In comparing the course of the Covid-19 crisis in the four states, it was assumed that the role of other factors potentially affecting the official statistics had been negligible. In other words, if there were errors in recording instances of the virus and deaths from it, these errors are random.
It was beyond the scope of the study to determine the consistency and severity of the enforcement of lockdowns and other restrictions. It cannot be known how variations between states in this important area influenced popular adherence to government measures.
There are, nonetheless, at least two critical and observable factors that vary systematically across the states: population and climate. The importance of roughly comparable population is self-evident. Comparable climate is important because Covid-19 was quickly recognized as a seasonal virus that especially thrives in colder and drier environments and that succumbs under UV radiation (including sunlight). This suggested the importance of comparing states with similar seasonality and latitude.

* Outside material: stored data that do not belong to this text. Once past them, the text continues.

(* Fix an integer $d\ge 1$, $h\in[0,1]$ with $hd\in\mathbb{Z}$, and $p\in(0,\tfrac12]$. Consider the binary node-classification setting described in the context, with training set containing nodes of both classes, and the heterophilous one-layer linear GNN $F'(\mathbf{X})=(\mathbf{X}\,\Vert\,\mathbf{A}\mathbf{X})\mathbf{W}$, where $\Vert$ is row-wise concatenation, so each node $i$ is represented by the $4$-dimensional row $\mathbf{u}_i=[\mathbf{x}_i,\ \sum_{j\in N_1(i)}\mathbf{x}_j]$ and $\mathbf{W}$ is $4\times 2$. Let $\mathbf{R}$ be the $2\times 4$ matrix whose rows are the (common) representation $\mathbf{u}^{(0)}$ of class-$0$ training nodes and the (common) representation $\mathbf{u}^{(1)}$ of class-$1$ training nodes, and let $\mathbf{W}=\mathbf{R}^{\top}(\mathbf{R}\mathbf{R}^{\top})^{-1}\begin{bmatrix}1&0\\0&1\end{bmatrix}$ (the minimum-norm solution of $\mathbf{u}_i\mathbf{W}=\mathbf{y}_i$ for all training nodes $i$; $\mathbf{R}\mathbf{R}^\top$ is invertible under these hypotheses). Let $t$ be a test node of class $0$ (so $\mathbf{y}_t=[1,0]$, $\mathbf{x}_t=[\tfrac12+p,\tfrac12-p]$) of degree $d$ with local homophily ratio $h_t=h+\alpha_t\in[0,1]$, i.e. exactly $h_t d$ of its $d$ neighbors have class $0$. Then the output logit vector $\mathbf{z}_t=\mathbf{u}_t\mathbf{W}$ satisfies $$\mathbf{z}_t=\mathbf{y}_t+b_1'\,[\alpha_t,\ -\alpha_t],\qquad b_1'=\frac{d^2(2h-1)}{1+d^2(2h-1)^2},$$ equivalently $\mathbf{z}_t=\frac{1}{1+d^2(2h-1)^2}\big[\,1+d^2(2h-1)(h+h_t-1),\ \ d^2(2h-1)(h-h_t)\,\big]$.
   Context: Binary node classification on a simple graph $G$ with adjacency matrix $\mathbf{A}$. Each node $i$ has a class $y_i\in\{0,1\}$, one-hot label vector $\mathbf{y}_i=[1,0]$ if $y_i=0$ and $[0,1]$ if $y_i=1$, and feature vector $\mathbf{x}_i=[\tfrac12+p,\ \tfrac12-p]$ if $y_i=0$ and $\mathbf{x}_i=[\tfrac12-p,\ \tfrac12+p]$ if $y_i=1$, where $p\in[0,\tfrac12]$ is a fixed parameter. $\mathbf{X}$ is the matrix whose rows are the $\mathbf{x}_i$. The local homophily ratio of a node $t$ is the fraction of its neighbors having the same class as $t$. Standing assumption on the training set: every training node has degree exactly $d$ and local homophily ratio exactly $h$ (so it has $hd$ neighbors of its own class and $(1-h)d$ of the other class); consequently all class-$0$ training nodes share one representation $\mathbf{u}^{(0)}$ and all class-$1$ training nodes share one representation $\mathbf{u}^{(1)}$. $N_1(i)$ denotes the set of neighbors of $i$. $\alpha_t=h_t-h$ is the shift of the test node's local homophily from the global homophily $h$. *)

theory Defs
  imports "HOL-Analysis.Analysis"
begin

definition feat :: "real \<Rightarrow> nat \<Rightarrow> real^2" where
  "feat p c = (if c = 0 then vector [1/2 + p, 1/2 - p] else vector [1/2 - p, 1/2 + p])"

definition onehot :: "nat \<Rightarrow> real^2" where
  "onehot c = (if c = 0 then vector [1, 0] else vector [0, 1])"

definition nbrs :: "'a set \<Rightarrow> ('a \<Rightarrow> 'a \<Rightarrow> bool) \<Rightarrow> 'a \<Rightarrow> 'a set" where
  "nbrs V E i = {j \<in> V. E i j}"

definition local_homophily :: "'a set \<Rightarrow> ('a \<Rightarrow> 'a \<Rightarrow> bool) \<Rightarrow> ('a \<Rightarrow> nat) \<Rightarrow> 'a \<Rightarrow> real" where
  "local_homophily V E y i = real (card {j \<in> nbrs V E i. y j = y i}) / real (card (nbrs V E i))"

definition rep :: "'a set \<Rightarrow> ('a \<Rightarrow> 'a \<Rightarrow> bool) \<Rightarrow> ('a \<Rightarrow> nat) \<Rightarrow> real \<Rightarrow> 'a \<Rightarrow> real^4" where
  "rep V E y p i = (let a = (\<Sum>j\<in>nbrs V E i. feat p (y j))
     in vector [feat p (y i) $ 1, feat p (y i) $ 2, a $ 1, a $ 2])"

end

theory Submission
  imports Defs
begin

text \<open>The training representations of the two classes are mirror images of each other
  (swap the two feature coordinates and the two aggregated coordinates), so
  \<open>u\<^sub>0 + u\<^sub>1\<close> and \<open>u\<^sub>0 - u\<^sub>1\<close> are orthogonal. The minimum-norm interpolant \<open>W\<close> sends a
  row \<open>x\<close> to the coefficients of its orthogonal projection onto the row space, namely
  \<open>[\<sigma> + \<delta>, \<sigma> - \<delta>]\<close>, where \<open>\<sigma>\<close> and \<open>\<delta>\<close> are the components of \<open>x\<close> along
  \<open>u\<^sub>0 + u\<^sub>1 = [1, 1, d, d]\<close> and \<open>u\<^sub>0 - u\<^sub>1 = 2p [1, -1, c, -c]\<close> with \<open>c = d (2h - 1)\<close>.
  The test representation has the same coordinate sums as the training ones, so \<open>\<sigma> = 1/2\<close>,
  while \<open>\<delta>\<close> is affine in the test homophily \<open>h\<^sub>t\<close>; this gives the shift \<open>b\<^sub>1' \<alpha>\<^sub>t\<close>.\<close>

lemma matrix_mul_matrix_inv:
  fixes A :: "'a::semiring_1^'n^'m"
  assumes "invertible A"
  shows "A ** matrix_inv A = mat 1"
  using assms unfolding invertible_def matrix_inv_def by (rule someI2_ex) simp

lemma gram_vector_2:
  fixes r0 r1 :: "real^'n"
  defines "R \<equiv> vector [r0, r1] :: real^'n^2"
  shows "R ** transpose R = vector [vector [r0 \<bullet> r0, r0 \<bullet> r1], vector [r1 \<bullet> r0, r1 \<bullet> r1]]"
  unfolding R_def vec_eq_iff forall_2
  by (simp add: matrix_matrix_mult_def transpose_def inner_vec_def mult.commute)

lemma min_norm_interpolant_apply:
  fixes R :: "real^'n^'m"
  assumes "invertible (R ** transpose R)" and "R *v w = 0"
  shows "(c v* R + w) v* (transpose R ** matrix_inv (R ** transpose R)) = c"
proof -
  have "(c v* R + w) v* (transpose R ** matrix_inv (R ** transpose R))
      = (c v* (R ** transpose R) + w v* transpose R) v* matrix_inv (R ** transpose R)"
    by (simp only: vector_matrix_mul_assoc [symmetric] vector_matrix_left_distrib)
  also have "\<dots> = c"
    using assms by (simp add: vector_matrix_mul_assoc matrix_mul_matrix_inv)
  finally show ?thesis .
qed

lemma vector_2_vector_matrix_mult:
  fixes r0 r1 :: "real^'n"
  shows "vector [a, b] v* (vector [r0, r1] :: real^'n^2) = a *\<^sub>R r0 + b *\<^sub>R r1"
  by (simp add: vec_eq_iff vector_matrix_mult_def sum_2)

lemma vector_2_matrix_vector_mult:
  fixes r0 r1 :: "real^'n"
  shows "(vector [r0, r1] :: real^'n^2) *v x = vector [r0 \<bullet> x, r1 \<bullet> x]"
  by (simp add: vec_eq_iff forall_2 matrix_vector_mult_def inner_vec_def)

lemma min_norm_interpolant_equal_norm_rows:
  fixes r0 r1 x :: "real^'n"
  defines "R \<equiv> vector [r0, r1] :: real^'n^2"
    and "\<alpha> \<equiv> x \<bullet> (r0 + r1) / ((r0 + r1) \<bullet> (r0 + r1))"
    and "\<beta> \<equiv> x \<bullet> (r0 - r1) / ((r0 - r1) \<bullet> (r0 - r1))"
  assumes norm_eq: "r0 \<bullet> r0 = r1 \<bullet> r1" and nonzero: "r0 + r1 \<noteq> 0" "r0 - r1 \<noteq> 0"
  shows "x v* (transpose R ** matrix_inv (R ** transpose R)) = vector [\<alpha> + \<beta>, \<alpha> - \<beta>]"
proof -
  define w where "w = x - \<alpha> *\<^sub>R (r0 + r1) - \<beta> *\<^sub>R (r0 - r1)"
  have orth: "(r0 + r1) \<bullet> (r0 - r1) = 0"
    using norm_eq by (simp add: algebra_simps inner_commute)
  have nz: "(r0 + r1) \<bullet> (r0 + r1) \<noteq> 0" "(r0 - r1) \<bullet> (r0 - r1) \<noteq> 0"
    using nonzero by simp_all
  moreover have "(r0 + r1) \<bullet> w = x \<bullet> (r0 + r1) - \<alpha> * ((r0 + r1) \<bullet> (r0 + r1))"
    and "(r0 - r1) \<bullet> w = x \<bullet> (r0 - r1) - \<beta> * ((r0 - r1) \<bullet> (r0 - r1))"
    using orth by (simp_all add: w_def inner_diff_right inner_commute)
  ultimately have "(r0 + r1) \<bullet> w = 0" "(r0 - r1) \<bullet> w = 0"
    by (simp_all add: \<alpha>_def \<beta>_def)
  then have "r0 \<bullet> w = 0" "r1 \<bullet> w = 0"
    by (simp_all add: algebra_simps)
  then have Rw: "R *v w = 0"
    by (simp add: R_def vector_2_matrix_vector_mult vec_eq_iff forall_2)
  have x: "x = vector [\<alpha> + \<beta>, \<alpha> - \<beta>] v* R + w"
    by (simp add: R_def vector_2_vector_matrix_mult w_def algebra_simps)
  have "det (R ** transpose R) = (r0 \<bullet> r0)\<^sup>2 - (r0 \<bullet> r1)\<^sup>2"
    by (simp add: R_def gram_vector_2 det_2 norm_eq power2_eq_square inner_commute)
  also have "\<dots> = ((r0 + r1) \<bullet> (r0 + r1)) * ((r0 - r1) \<bullet> (r0 - r1)) / 4"
    using norm_eq by (simp add: algebra_simps inner_commute power2_eq_square)
  finally have "det (R ** transpose R) \<noteq> 0"
    using nz by (metis divide_eq_0_iff mult_eq_0_iff zero_neq_numeral)
  then show ?thesis
    by (subst x) (simp add: min_norm_interpolant_apply invertible_det_nz Rw)
qed

lemma vector_4 [simp]:
  "(vector [x1, x2, x3, x4] :: 'a::zero^4) $ 1 = x1"
  "(vector [x1, x2, x3, x4] :: 'a::zero^4) $ 2 = x2"
  "(vector [x1, x2, x3, x4] :: 'a::zero^4) $ 3 = x3"
  "(vector [x1, x2, x3, x4] :: 'a::zero^4) $ 4 = x4"
  unfolding vector_def by simp_all

lemma inner_vector_4:
  "(vector [x1, x2, x3, x4] :: real^4) \<bullet> vector [y1, y2, y3, y4] = x1*y1 + x2*y2 + x3*y3 + x4*y4"
  by (simp add: inner_vec_def sum_4)

lemma min_norm_interpolant_swapped_rows:
  fixes a b A B X Y :: real
  defines "R \<equiv> vector [vector [a, b, A, B], vector [b, a, B, A]] :: real^4^2"
    and "\<sigma> \<equiv> ((a + b)^2 + (X + Y) * (A + B)) / (2 * ((a + b)^2 + (A + B)^2))"
    and "\<delta> \<equiv> ((a - b)^2 + (X - Y) * (A - B)) / (2 * ((a - b)^2 + (A - B)^2))"
  assumes ab: "a + b \<noteq> 0" "a - b \<noteq> 0"
  shows "vector [a, b, X, Y] v* (transpose R ** matrix_inv (R ** transpose R))
    = vector [\<sigma> + \<delta>, \<sigma> - \<delta>]"
proof -
  define u0 u1 where "u0 = (vector [a, b, A, B] :: real^4)" and "u1 = (vector [b, a, B, A] :: real^4)"
  have sum_eqs: "u0 + u1 = vector [a + b, a + b, A + B, A + B]"
    and diff_eqs: "u0 - u1 = vector [a - b, b - a, A - B, B - A]"
    by (simp_all add: u0_def u1_def vec_eq_iff forall_4)
  have "u0 + u1 \<noteq> 0" "u0 - u1 \<noteq> 0"
    using ab by (simp_all add: sum_eqs diff_eqs vec_eq_iff forall_4)
  moreover have "u0 \<bullet> u0 = u1 \<bullet> u1"
    by (simp add: u0_def u1_def inner_vector_4)
  ultimately show ?thesis
    unfolding R_def u0_def [symmetric] u1_def [symmetric]
    by (subst min_norm_interpolant_equal_norm_rows)
       (simp_all add: sum_eqs diff_eqs inner_vector_4 \<sigma>_def \<delta>_def power2_eq_square algebra_simps)
qed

Additional important observable factors can also be broadly compared from state to state: demographics, economic structure and degree of urbanization. These factors were taken into consideration in this analysis, while other potentially influential but research-intensive factors, such as degree of mass transit use, hygiene practices and household living arrangements, were left aside.
Selecting pairs of states that are similar in as many of these factors as could be found among the 50 states enabled commenting on the temporal relationships between the state measures and the Covid-19 data and to make comparisons regarding the impact of those interventions.
Maria (Masha) V. Krylova is a Social Psychologist and writer based in Calgary, Alberta who has a particular interest in the role of psychological factors affecting the socio-political climate in Russia and Western countries.